[Assignment]
Scan the records for the word "metis". Copy each line that includes it.

Start of Given records

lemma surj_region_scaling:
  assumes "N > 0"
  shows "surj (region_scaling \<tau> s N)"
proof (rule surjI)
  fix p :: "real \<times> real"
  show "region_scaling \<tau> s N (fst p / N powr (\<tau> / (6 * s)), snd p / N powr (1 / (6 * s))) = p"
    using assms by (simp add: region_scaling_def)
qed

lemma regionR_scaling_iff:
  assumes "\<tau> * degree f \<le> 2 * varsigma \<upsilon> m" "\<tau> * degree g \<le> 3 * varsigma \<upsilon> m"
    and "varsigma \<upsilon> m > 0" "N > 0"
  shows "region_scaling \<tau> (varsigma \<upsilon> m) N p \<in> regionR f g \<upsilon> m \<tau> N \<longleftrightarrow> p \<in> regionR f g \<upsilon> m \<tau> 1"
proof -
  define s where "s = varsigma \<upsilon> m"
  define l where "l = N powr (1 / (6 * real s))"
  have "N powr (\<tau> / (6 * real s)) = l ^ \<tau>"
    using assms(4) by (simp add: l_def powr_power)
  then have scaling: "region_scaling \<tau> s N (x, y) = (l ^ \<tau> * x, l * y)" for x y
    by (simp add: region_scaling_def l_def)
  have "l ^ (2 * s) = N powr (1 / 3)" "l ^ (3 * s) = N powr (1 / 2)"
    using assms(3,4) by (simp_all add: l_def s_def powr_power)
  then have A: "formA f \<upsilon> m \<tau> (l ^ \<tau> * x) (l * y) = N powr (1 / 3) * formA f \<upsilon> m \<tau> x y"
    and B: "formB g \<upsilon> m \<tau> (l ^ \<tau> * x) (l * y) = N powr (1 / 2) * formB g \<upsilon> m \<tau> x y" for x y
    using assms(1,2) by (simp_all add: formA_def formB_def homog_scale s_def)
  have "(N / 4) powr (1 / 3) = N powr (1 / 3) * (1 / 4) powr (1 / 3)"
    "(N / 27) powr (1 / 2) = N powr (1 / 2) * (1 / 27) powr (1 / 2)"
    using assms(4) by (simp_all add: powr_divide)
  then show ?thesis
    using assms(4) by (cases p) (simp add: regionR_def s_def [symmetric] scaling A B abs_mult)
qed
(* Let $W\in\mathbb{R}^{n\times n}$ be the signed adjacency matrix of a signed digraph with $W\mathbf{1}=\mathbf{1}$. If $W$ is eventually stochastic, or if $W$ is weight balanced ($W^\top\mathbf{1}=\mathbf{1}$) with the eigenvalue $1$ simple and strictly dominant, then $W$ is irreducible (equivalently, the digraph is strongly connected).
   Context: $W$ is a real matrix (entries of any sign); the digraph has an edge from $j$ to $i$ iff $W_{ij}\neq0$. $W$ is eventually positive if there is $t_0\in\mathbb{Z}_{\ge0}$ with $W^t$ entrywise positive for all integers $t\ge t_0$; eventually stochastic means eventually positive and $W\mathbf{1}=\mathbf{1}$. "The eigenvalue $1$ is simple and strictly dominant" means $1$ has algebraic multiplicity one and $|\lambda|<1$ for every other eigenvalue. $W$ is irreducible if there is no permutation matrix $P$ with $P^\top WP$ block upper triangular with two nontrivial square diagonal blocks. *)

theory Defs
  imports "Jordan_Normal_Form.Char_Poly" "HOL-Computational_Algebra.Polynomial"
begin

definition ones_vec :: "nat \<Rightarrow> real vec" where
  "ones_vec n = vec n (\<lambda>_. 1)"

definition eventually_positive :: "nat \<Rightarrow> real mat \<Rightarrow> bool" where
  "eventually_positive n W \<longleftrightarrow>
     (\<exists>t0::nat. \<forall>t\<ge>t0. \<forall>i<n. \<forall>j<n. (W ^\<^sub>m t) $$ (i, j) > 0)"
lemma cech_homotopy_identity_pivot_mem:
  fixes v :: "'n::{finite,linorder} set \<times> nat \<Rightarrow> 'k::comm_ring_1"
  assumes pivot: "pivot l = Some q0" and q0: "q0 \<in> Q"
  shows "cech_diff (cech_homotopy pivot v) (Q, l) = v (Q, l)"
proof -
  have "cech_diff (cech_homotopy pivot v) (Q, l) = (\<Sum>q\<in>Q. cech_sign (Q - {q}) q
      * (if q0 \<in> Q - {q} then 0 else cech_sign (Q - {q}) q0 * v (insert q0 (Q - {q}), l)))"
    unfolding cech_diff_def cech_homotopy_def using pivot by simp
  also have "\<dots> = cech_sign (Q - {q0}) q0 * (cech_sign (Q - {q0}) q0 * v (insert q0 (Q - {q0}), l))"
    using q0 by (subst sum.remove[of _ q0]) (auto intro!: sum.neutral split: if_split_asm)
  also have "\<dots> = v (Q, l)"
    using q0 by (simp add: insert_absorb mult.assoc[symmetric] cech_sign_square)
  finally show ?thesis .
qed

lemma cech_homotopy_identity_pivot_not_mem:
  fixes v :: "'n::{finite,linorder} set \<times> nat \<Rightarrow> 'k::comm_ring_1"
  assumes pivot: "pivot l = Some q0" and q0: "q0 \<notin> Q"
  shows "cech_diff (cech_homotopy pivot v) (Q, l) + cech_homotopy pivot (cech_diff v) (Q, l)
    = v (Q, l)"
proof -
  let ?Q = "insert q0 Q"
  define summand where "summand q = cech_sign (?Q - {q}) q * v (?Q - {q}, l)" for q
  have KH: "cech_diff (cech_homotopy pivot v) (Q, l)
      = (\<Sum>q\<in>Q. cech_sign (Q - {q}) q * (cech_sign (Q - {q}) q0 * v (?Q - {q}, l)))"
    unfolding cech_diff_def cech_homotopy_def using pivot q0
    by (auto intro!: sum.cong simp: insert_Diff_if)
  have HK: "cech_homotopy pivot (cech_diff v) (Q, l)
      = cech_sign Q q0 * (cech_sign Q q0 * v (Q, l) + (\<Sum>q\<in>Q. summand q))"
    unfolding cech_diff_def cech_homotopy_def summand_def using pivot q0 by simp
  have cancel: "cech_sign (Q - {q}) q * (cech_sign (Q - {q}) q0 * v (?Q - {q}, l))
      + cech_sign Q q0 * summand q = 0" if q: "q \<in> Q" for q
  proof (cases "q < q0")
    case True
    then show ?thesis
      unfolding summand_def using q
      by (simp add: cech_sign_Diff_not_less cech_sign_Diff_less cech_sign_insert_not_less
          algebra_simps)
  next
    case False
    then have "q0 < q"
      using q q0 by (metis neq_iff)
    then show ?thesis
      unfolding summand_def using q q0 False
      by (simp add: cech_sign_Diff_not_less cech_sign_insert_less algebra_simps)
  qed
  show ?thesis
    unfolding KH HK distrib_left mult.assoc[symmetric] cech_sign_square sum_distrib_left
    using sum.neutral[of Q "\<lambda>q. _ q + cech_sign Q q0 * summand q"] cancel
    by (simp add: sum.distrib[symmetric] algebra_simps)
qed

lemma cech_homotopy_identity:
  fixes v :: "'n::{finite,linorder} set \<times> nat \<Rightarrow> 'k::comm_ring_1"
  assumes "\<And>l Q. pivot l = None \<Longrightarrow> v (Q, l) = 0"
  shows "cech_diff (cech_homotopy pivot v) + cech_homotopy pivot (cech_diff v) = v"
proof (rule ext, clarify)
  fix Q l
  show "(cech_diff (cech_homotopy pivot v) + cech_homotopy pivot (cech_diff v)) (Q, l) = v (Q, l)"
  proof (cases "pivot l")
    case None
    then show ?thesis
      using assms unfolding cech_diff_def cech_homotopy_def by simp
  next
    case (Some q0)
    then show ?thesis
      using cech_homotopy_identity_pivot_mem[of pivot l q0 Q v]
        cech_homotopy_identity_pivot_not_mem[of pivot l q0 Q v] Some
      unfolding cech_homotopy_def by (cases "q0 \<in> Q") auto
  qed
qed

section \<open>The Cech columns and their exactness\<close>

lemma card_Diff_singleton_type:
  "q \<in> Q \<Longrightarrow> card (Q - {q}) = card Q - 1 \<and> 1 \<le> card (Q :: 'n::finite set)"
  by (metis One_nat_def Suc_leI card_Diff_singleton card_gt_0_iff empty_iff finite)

End of Given records

[Finished exercise]
      using q q0 by (metis neq_iff)
  by (metis One_nat_def Suc_leI card_Diff_singleton card_gt_0_iff empty_iff finite)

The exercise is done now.